◆ **TASK DETAILS**: Your output should be each line from the material below that has the word "complex".

◆ **EXERCISE DATA**:
__________
(* Let $\alpha>0$ and let $n$ be a positive integer with $\alpha n>1$. Let $q\in\mathbb{C}$ satisfy $0<|q|\leq 1-1/(\alpha n)$ and let $z\in\mathbb{C}$ satisfy $|z|=|q|^{-n-1/2}$. Then $U:=\prod_{m=1}^{\infty}(1+zq^m)$ satisfies $$|U|\geq |q|^{-n^2/2}e^{-(\pi^2/3)(\alpha n(\alpha n-1))^{1/2}}.$$ *)

theory Defs
  imports "HOL-Analysis.Analysis"
begin

end

theory Submission
  imports Defs
begin

text \<open>
  Put \<open>s = sqrt |q|\<close>, so that \<open>|z q^m| = s^(2(m - n) - 1)\<close>. For \<open>m \<le> n\<close> the factor
  \<open>|1 + z q^m|\<close> is at least \<open>|z q^m| - 1 = |z q^m| (1 - s^(2(n - m) + 1))\<close>, and for \<open>m > n\<close>
  it is at least \<open>1 - s^(2(m - n) - 1)\<close>. The moduli \<open>|z q^m|\<close>, \<open>m \<le> n\<close>, multiply to
  \<open>|q|^(-n\<^sup>2/2)\<close>, and what remains is bounded below by the square of
  \<open>P = \<Prod>\<^sub>k (1 - s^(2k+1))\<close>. Expanding \<open>-log (1 - x)\<close> as a power series and using
  \<open>j s^(j-1) (1 - s\<^sup>2) \<le> 1 - s^(2j)\<close> gives \<open>-log P \<le> (\<pi>\<^sup>2/6) s / (1 - s\<^sup>2)\<close>, and
  \<open>s / (1 - s\<^sup>2) = sqrt |q| / (1 - |q|) \<le> sqrt (\<alpha>n (\<alpha>n - 1))\<close> once \<open>|q| \<le> 1 - 1/(\<alpha>n)\<close>.
\<close>

lemma mult_power_le_sum_even_powers:
  fixes s :: real
  assumes "0 \<le> s"
  shows "real j * s ^ (j - 1) \<le> (\<Sum>i<j. s ^ (2 * i))"
proof -
  \<comment> \<open>AM-GM on the terms \<open>i\<close> and \<open>j - 1 - i\<close> of the sum\<close>
  have pair: "2 * s ^ (j - 1) \<le> s ^ (2 * i) + s ^ (2 * (j - Suc i))" if "i < j" for i
  proof -
    have "s ^ (j - 1) = s ^ i * s ^ (j - Suc i)"
      using that by (simp flip: power_add)
    moreover have "0 \<le> (s ^ i - s ^ (j - Suc i))\<^sup>2" by simp
    ultimately show ?thesis
      unfolding power_even_eq by (simp add: power2_eq_square algebra_simps)
  qed
  have "2 * (real j * s ^ (j - 1)) = (\<Sum>i<j. 2 * s ^ (j - 1))" by simp
  also have "\<dots> \<le> (\<Sum>i<j. s ^ (2 * i) + s ^ (2 * (j - Suc i)))"
    using pair by (intro sum_mono) auto
  also have "\<dots> = 2 * (\<Sum>i<j. s ^ (2 * i))"
    by (simp add: sum.distrib sum.nat_diff_reindex[of "\<lambda>i. s ^ (2 * i)"])
  finally show ?thesis by simp
qed

lemma power_div_one_minus_power_le:
  fixes s :: real
  assumes "0 < s" "s < 1" "j \<ge> 1"
  shows "s ^ j / (1 - s ^ (2 * j)) \<le> s / ((1 - s\<^sup>2) * real j)"
proof -
  have "s\<^sup>2 < 1" "s ^ (2 * j) < 1"
    using assms by (simp_all add: power_less_one_iff)
  have "real j * s ^ j * (1 - s\<^sup>2) = s * (1 - s\<^sup>2) * (real j * s ^ (j - 1))"
    using assms(3) by (cases j) auto
  also have "\<dots> \<le> s * (1 - s\<^sup>2) * (\<Sum>i<j. s ^ (2 * i))"
    using \<open>s\<^sup>2 < 1\<close> assms
    by (intro mult_left_mono mult_power_le_sum_even_powers) auto
  also have "\<dots> = s * (1 - s ^ (2 * j))"
    by (simp add: one_diff_power_eq[symmetric] power_mult)
  finally show ?thesis
    using \<open>s\<^sup>2 < 1\<close> \<open>s ^ (2 * j) < 1\<close> assms by (simp add: field_simps)
qed

lemma sum_odd_powers_div_le:
  fixes s :: real
  assumes "0 < s" "s < 1"
  shows "(\<Sum>k<K. (s ^ (2 * k + 1)) ^ j / real j) \<le> s / (1 - s\<^sup>2) * (1 / (real j)\<^sup>2)"
proof (cases "j = 0")
  case False
  have "s ^ (2 * j) < 1" using assms False by (simp add: power_less_one_iff)
  have "(\<Sum>k<K. (s ^ (2 * k + 1)) ^ j) = s ^ j * (\<Sum>k<K. (s ^ (2 * j)) ^ k)"
    by (simp add: sum_distrib_left power_add power_mult_distrib algebra_simps flip: power_mult)
  also have "\<dots> \<le> s ^ j * (1 / (1 - s ^ (2 * j)))"
  proof (rule mult_left_mono)
    have "(1 - s ^ (2 * j)) * (\<Sum>k<K. (s ^ (2 * j)) ^ k) = 1 - (s ^ (2 * j)) ^ K"
      by (simp add: one_diff_power_eq)
    also have "\<dots> \<le> 1" using assms by simp
    finally show "(\<Sum>k<K. (s ^ (2 * j)) ^ k) \<le> 1 / (1 - s ^ (2 * j))"
      using \<open>s ^ (2 * j) < 1\<close> by (simp add: field_simps)
  qed (use assms in simp)
  also have "\<dots> \<le> s / ((1 - s\<^sup>2) * real j)"
    using power_div_one_minus_power_le assms False by simp
  finally have "(\<Sum>k<K. (s ^ (2 * k + 1)) ^ j) / real j \<le> s / ((1 - s\<^sup>2) * real j) / real j"
    by (rule divide_right_mono) simp
  then show ?thesis
    by (simp add: sum_divide_distrib power2_eq_square)
qed simp

lemma sum_neg_ln_one_minus_odd_powers_le:
  fixes s :: real
  assumes "0 < s" "s < 1"
  shows "(\<Sum>k<K. - ln (1 - s ^ (2 * k + 1))) \<le> s / (1 - s\<^sup>2) * (pi\<^sup>2 / 6)"
proof -
  have "(\<lambda>j. (s ^ (2 * k + 1)) ^ j / real j) sums (- ln (1 - s ^ (2 * k + 1)))" for k
  proof -
    have "s ^ (2 * k + 1) < 1"
      using assms by (intro power_less_one_iff[THEN iffD2]) auto
    then have "\<bar>- (s ^ (2 * k + 1))\<bar> < 1"
      using assms by simp
    from sums_minus[OF ln_series'[OF this]] show ?thesis by simp
  qed
  then have lhs: "(\<lambda>j. \<Sum>k<K. (s ^ (2 * k + 1)) ^ j / real j)
                    sums (\<Sum>k<K. - ln (1 - s ^ (2 * k + 1)))"
    by (intro sums_sum)
  have "(\<lambda>j. 1 / (real j)\<^sup>2) sums (pi\<^sup>2 / 6)"
    using inverse_squares_sums sums_Suc_iff[of "\<lambda>j. 1 / (real j)\<^sup>2"] by (simp add: add.commute)
  then have rhs: "(\<lambda>j. s / (1 - s\<^sup>2) * (1 / (real j)\<^sup>2)) sums (s / (1 - s\<^sup>2) * (pi\<^sup>2 / 6))"
    by (rule sums_mult)
  show ?thesis
    using sums_le[OF _ lhs rhs] sum_odd_powers_div_le[OF assms] by blast
qed

lemma prod_one_minus_odd_powers_ge:
  fixes s :: real
  assumes "0 < s" "s < 1"
  shows "exp (- (s / (1 - s\<^sup>2) * (pi\<^sup>2 / 6))) \<le> (\<Prod>k<K. 1 - s ^ (2 * k + 1))"
proof -
  have pos: "0 < 1 - s ^ (2 * k + 1)" for k
    using assms power_less_one_iff[of s "2 * k + 1"] by simp
  have "- (s / (1 - s\<^sup>2) * (pi\<^sup>2 / 6)) \<le> (\<Sum>k<K. ln (1 - s ^ (2 * k + 1)))"
    using sum_neg_ln_one_minus_odd_powers_le[OF assms, of K] by (simp add: sum_negf)
  also have "\<dots> = ln (\<Prod>k<K. 1 - s ^ (2 * k + 1))"
    using pos by (simp add: ln_prod less_le)
  finally show ?thesis
    using pos by (simp add: ln_ge_iff prod_pos)
qed

lemma sqrt_div_one_minus_le:
  fixes r N :: real
  assumes "0 \<le> r" "N > 1" "r \<le> 1 - 1 / N"
  shows "sqrt r / (1 - r) \<le> sqrt (N * (N - 1))"
proof (rule real_le_rsqrt)
  have "1 / N \<le> 1 - r" "0 < 1 / N" using assms by auto
  have "(sqrt r / (1 - r))\<^sup>2 = r / (1 - r)\<^sup>2"
    using assms by (simp add: power_divide)
  also have "\<dots> \<le> r / (1 / N)\<^sup>2"
    using \<open>1 / N \<le> 1 - r\<close> \<open>0 < 1 / N\<close> assms(1)
    by (intro divide_left_mono power_mono mult_pos_pos) auto
  also have "\<dots> \<le> (1 - 1 / N) * N\<^sup>2"
    using assms by (simp add: power_divide)
  also have "\<dots> = N * (N - 1)"
    using assms by (simp add: power2_eq_square field_simps)
  finally show "(sqrt r / (1 - r))\<^sup>2 \<le> N * (N - 1)" .
qed

lemma norm_prodinf_ge_of_partial_prods_ge:
  fixes f :: "nat \<Rightarrow> 'a :: real_normed_field"
  assumes "convergent_prod f" "\<And>M. M \<ge> n \<Longrightarrow> B \<le> norm (\<Prod>m<M. f m)"
  shows "B \<le> norm (prodinf f)"
proof (rule LIMSEQ_le_const)
  show "(\<lambda>M. norm (\<Prod>m\<le>M. f m)) \<longlonglongrightarrow> norm (prodinf f)"
    by (intro tendsto_norm convergent_prod_LIMSEQ assms(1))
  show "\<exists>N. \<forall>M\<ge>N. B \<le> norm (\<Prod>m\<le>M. f m)"
    using assms(2) by (metis lessThan_Suc_atMost le_SucI)
qed

lemma convergent_prod_one_plus_mult_power:
  fixes z q :: "'a :: {real_normed_field, banach}"
  assumes "norm q < 1"
  shows "convergent_prod (\<lambda>m. 1 + z * q ^ Suc m)"
proof -
  have "summable (\<lambda>m. norm (z * q) * norm q ^ m)"
    using assms by (intro summable_mult summable_geometric) auto
  then have "summable (\<lambda>m. norm ((1 + z * q ^ Suc m) - 1))"
    by (simp add: norm_mult norm_power mult.assoc)
  then show ?thesis
    by (intro abs_convergent_prod_imp_convergent_prod summable_imp_abs_convergent_prod)
qed

lemma sum_odd_minus_double_eq: "(\<Sum>m<n. 2 * real m + 1 - 2 * real n) = - (real n ^ 2)"
proof -
  have "(\<Sum>m<n. 2 * real m + 1) = real n ^ 2"
    by (induction n) (auto simp: power2_eq_square algebra_simps)
  then show ?thesis by (simp add: sum_subtractf power2_eq_square)
qed

context
  fixes q z :: complex and n :: nat
  assumes q_pos: "0 < norm q"
    and norm_z: "norm z = norm q powr (- real n - 1 / 2)"
begin

lemma norm_shifted_term:
  "norm (z * q ^ Suc m) = sqrt (norm q) powr (2 * real m + 1 - 2 * real n)"
proof -
  define s where "s = sqrt (norm q)"
  have q_eq: "norm q = s powr 2"
    using q_pos by (simp add: s_def powr_half_sqrt[symmetric] powr_powr)
  have "norm (z * q ^ Suc m) = norm q powr (- real n - 1 / 2) * norm q powr real (Suc m)"
    using q_pos by (simp only: norm_mult norm_power norm_z powr_realpow)
  also have "\<dots> = s powr (2 * (- real n - 1 / 2)) * s powr (2 * real (Suc m))"
    by (simp only: q_eq powr_powr)
  also have "\<dots> = s powr (2 * real m + 1 - 2 * real n)"
    by (simp only: powr_add[symmetric]) (simp add: algebra_simps)
  finally show ?thesis by (simp only: s_def)
qed

lemma prod_norm_shifted_terms:
  "(\<Prod>m<n. norm (z * q ^ Suc m)) = norm q powr (- (real n ^ 2) / 2)"
proof -
  have "(\<Prod>m<n. norm (z * q ^ Suc m)) = sqrt (norm q) powr (\<Sum>m<n. 2 * real m + 1 - 2 * real n)"
    unfolding norm_shifted_term using q_pos by (simp add: powr_sum)
  also have "\<dots> = norm q powr (- (real n ^ 2) / 2)"
    using q_pos by (simp add: sum_odd_minus_double_eq powr_half_sqrt[symmetric] powr_powr)
  finally show ?thesis .
qed

lemma norm_one_plus_shifted_term_ge_head:
  assumes "m < n"
  shows "norm (z * q ^ Suc m) * (1 - sqrt (norm q) ^ (2 * (n - Suc m) + 1))
           \<le> norm (1 + z * q ^ Suc m)"
proof -
  have s_pos: "0 < sqrt (norm q)" using q_pos by simp
  have "(2 * real m + 1 - 2 * real n) + real (2 * (n - Suc m) + 1) = 0"
    using assms by simp
  then have "norm (z * q ^ Suc m) * sqrt (norm q) ^ (2 * (n - Suc m) + 1) = 1"
    unfolding norm_shifted_term powr_realpow[OF s_pos, symmetric] powr_add[symmetric]
    using q_pos by simp
  then have "norm (z * q ^ Suc m) * (1 - sqrt (norm q) ^ (2 * (n - Suc m) + 1))
               = norm (z * q ^ Suc m) - norm (1 :: complex)"
    by (simp add: algebra_simps)
  also have "\<dots> \<le> norm (1 + z * q ^ Suc m)"
    using norm_diff_ineq[of "z * q ^ Suc m" 1] by (simp add: add.commute)
  finally show ?thesis .
qed

lemma norm_one_plus_shifted_term_ge_tail:
  assumes "n \<le> m"
  shows "1 - sqrt (norm q) ^ (2 * (m - n) + 1) \<le> norm (1 + z * q ^ Suc m)"
proof -
  have s_pos: "0 < sqrt (norm q)" using q_pos by simp
  have "real (2 * (m - n) + 1) = 2 * real m + 1 - 2 * real n"
    using assms by simp
  then have "sqrt (norm q) ^ (2 * (m - n) + 1) = norm (z * q ^ Suc m)"
    unfolding norm_shifted_term powr_realpow[OF s_pos, symmetric] by (simp only:)
  then show ?thesis
    using norm_diff_ineq[of 1 "z * q ^ Suc m"] by simp
qed

lemma norm_partial_prod_shifted_ge:
  assumes "norm q < 1"
  shows "norm q powr (- (real n ^ 2) / 2)
           * ((\<Prod>k<n. 1 - sqrt (norm q) ^ (2 * k + 1)) * (\<Prod>k<K. 1 - sqrt (norm q) ^ (2 * k + 1)))
         \<le> norm (\<Prod>m<n + K. 1 + z * q ^ Suc m)"
proof -
  define g where "g k = 1 - sqrt (norm q) ^ (2 * k + 1)" for k
  define f where "f m = 1 + z * q ^ Suc m" for m
  have g_nonneg: "0 \<le> g k" for k
    using assms power_le_one[of "sqrt (norm q)" "2 * k + 1"] by (simp add: g_def)
  have head: "norm q powr (- (real n ^ 2) / 2) * (\<Prod>k<n. g k) \<le> (\<Prod>m<n. norm (f m))"
  proof -
    have "norm q powr (- (real n ^ 2) / 2) * (\<Prod>k<n. g k)
            = (\<Prod>m<n. norm (z * q ^ Suc m) * g (n - Suc m))"
      by (simp only: prod.distrib prod_norm_shifted_terms prod.nat_diff_reindex)
    also have "\<dots> \<le> (\<Prod>m<n. norm (f m))"
      using norm_one_plus_shifted_term_ge_head g_nonneg
      by (intro prod_mono) (auto simp: f_def g_def)
    finally show ?thesis .
  qed
  have tail: "(\<Prod>k<K. g k) \<le> (\<Prod>k<K. norm (f (n + k)))"
    using norm_one_plus_shifted_term_ge_tail[of "n + k" for k] g_nonneg
    by (intro prod_mono) (auto simp: f_def g_def)
  have "prod f {..<n + K} = prod f {..<n} * (\<Prod>k<K. f (n + k))"
    by (induction K) (auto simp: mult.assoc)
  then have "norm (prod f {..<n + K}) = (\<Prod>m<n. norm (f m)) * (\<Prod>k<K. norm (f (n + k)))"
    by (simp add: norm_mult prod_norm)
  moreover have "0 \<le> norm q powr (- (real n ^ 2) / 2) * (\<Prod>k<n. g k)"
    using g_nonneg by (simp add: prod_nonneg)
  ultimately show ?thesis
    using mult_mono[OF head tail] g_nonneg by (simp add: prod_nonneg f_def g_def mult.assoc)
qed

lemma norm_partial_prod_shifted_ge_exp:
  assumes "norm q < 1" "n \<le> M"
  shows "norm q powr (- (real n ^ 2) / 2) * exp (- (pi\<^sup>2 / 3) * (sqrt (norm q) / (1 - norm q)))
           \<le> norm (\<Prod>m<M. 1 + z * q ^ Suc m)"
proof -
  define s where "s = sqrt (norm q)"
  define c where "c = s / (1 - s\<^sup>2)"
  define X where "X = exp (- (c * (pi\<^sup>2 / 6)))"
  obtain K where "M = n + K" using \<open>n \<le> M\<close> le_Suc_ex by blast
  have "0 < s" "s < 1" using q_pos assms(1) by (simp_all add: s_def)
  have "exp (- (pi\<^sup>2 / 3) * c) = X * X"
    by (simp add: X_def flip: exp_add)
  moreover have "c = sqrt (norm q) / (1 - norm q)" using q_pos by (simp add: c_def s_def)
  ultimately have "exp (- (pi\<^sup>2 / 3) * (sqrt (norm q) / (1 - norm q))) = X * X"
    by simp
  also have "\<dots> \<le> (\<Prod>k<n. 1 - s ^ (2 * k + 1)) * (\<Prod>k<K. 1 - s ^ (2 * k + 1))"
    using prod_one_minus_odd_powers_ge[OF \<open>0 < s\<close> \<open>s < 1\<close>]
    by (intro mult_mono) (auto simp: X_def c_def intro: order_trans[OF exp_ge_zero])
  finally have "norm q powr (- (real n ^ 2) / 2) * exp (- (pi\<^sup>2 / 3) * (sqrt (norm q) / (1 - norm q)))
      \<le> norm q powr (- (real n ^ 2) / 2)
          * ((\<Prod>k<n. 1 - s ^ (2 * k + 1)) * (\<Prod>k<K. 1 - s ^ (2 * k + 1)))"
    by (rule mult_left_mono) simp
  also have "\<dots> \<le> norm (\<Prod>m<M. 1 + z * q ^ Suc m)"
    using norm_partial_prod_shifted_ge[OF assms(1), of K] \<open>M = n + K\<close> by (simp only: s_def)
  finally show ?thesis .
qed

end

theorem lemma3:
  fixes \<alpha> :: real and n :: nat and q z :: complex
  assumes "\<alpha> > 0" and "n \<ge> 1" and "\<alpha> * real n > 1"
    and "0 < norm q" and "norm q \<le> 1 - 1 / (\<alpha> * real n)"
    and "norm z = norm q powr (- real n - 1/2)"
  shows "norm (\<Prod>m. (1 + z * q ^ (Suc m)))
           \<ge> norm q powr (- (real n ^ 2) / 2)
             * exp (- (pi^2/3) * sqrt (\<alpha> * real n * (\<alpha> * real n - 1)))"
proof -
  define N where "N = \<alpha> * real n"
  have "N > 1" "norm q \<le> 1 - 1 / N" using assms(3,5) unfolding N_def by simp_all
  moreover have "0 < 1 / N" using \<open>N > 1\<close> by simp
  ultimately have q_less: "norm q < 1" by linarith
  have "sqrt (norm q) / (1 - norm q) \<le> sqrt (N * (N - 1))"
    using sqrt_div_one_minus_le[OF _ \<open>N > 1\<close> \<open>norm q \<le> 1 - 1 / N\<close>] by simp
  then have exp_le: "exp (- (pi\<^sup>2 / 3) * sqrt (N * (N - 1)))
               \<le> exp (- (pi\<^sup>2 / 3) * (sqrt (norm q) / (1 - norm q)))"
    unfolding exp_le_cancel_iff by (intro mult_left_mono_neg) auto
  have "norm q powr (- (real n ^ 2) / 2) * exp (- (pi\<^sup>2 / 3) * sqrt (N * (N - 1)))
          \<le> norm (\<Prod>m<M. 1 + z * q ^ Suc m)" if "n \<le> M" for M
    using mult_left_mono[OF exp_le powr_ge_zero] norm_partial_prod_shifted_ge_exp[OF assms(4,6) q_less that]
    by (rule order_trans)
  from norm_prodinf_ge_of_partial_prods_ge[OF convergent_prod_one_plus_mult_power[OF q_less] this]
  show ?thesis by (simp add: N_def)
qed

end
__________
◆ **SOLUTION TO THE EXERCISE**:
  fixes q z :: complex and n :: nat
               = norm (z * q ^ Suc m) - norm (1 :: complex)"
  fixes \<alpha> :: real and n :: nat and q z :: complex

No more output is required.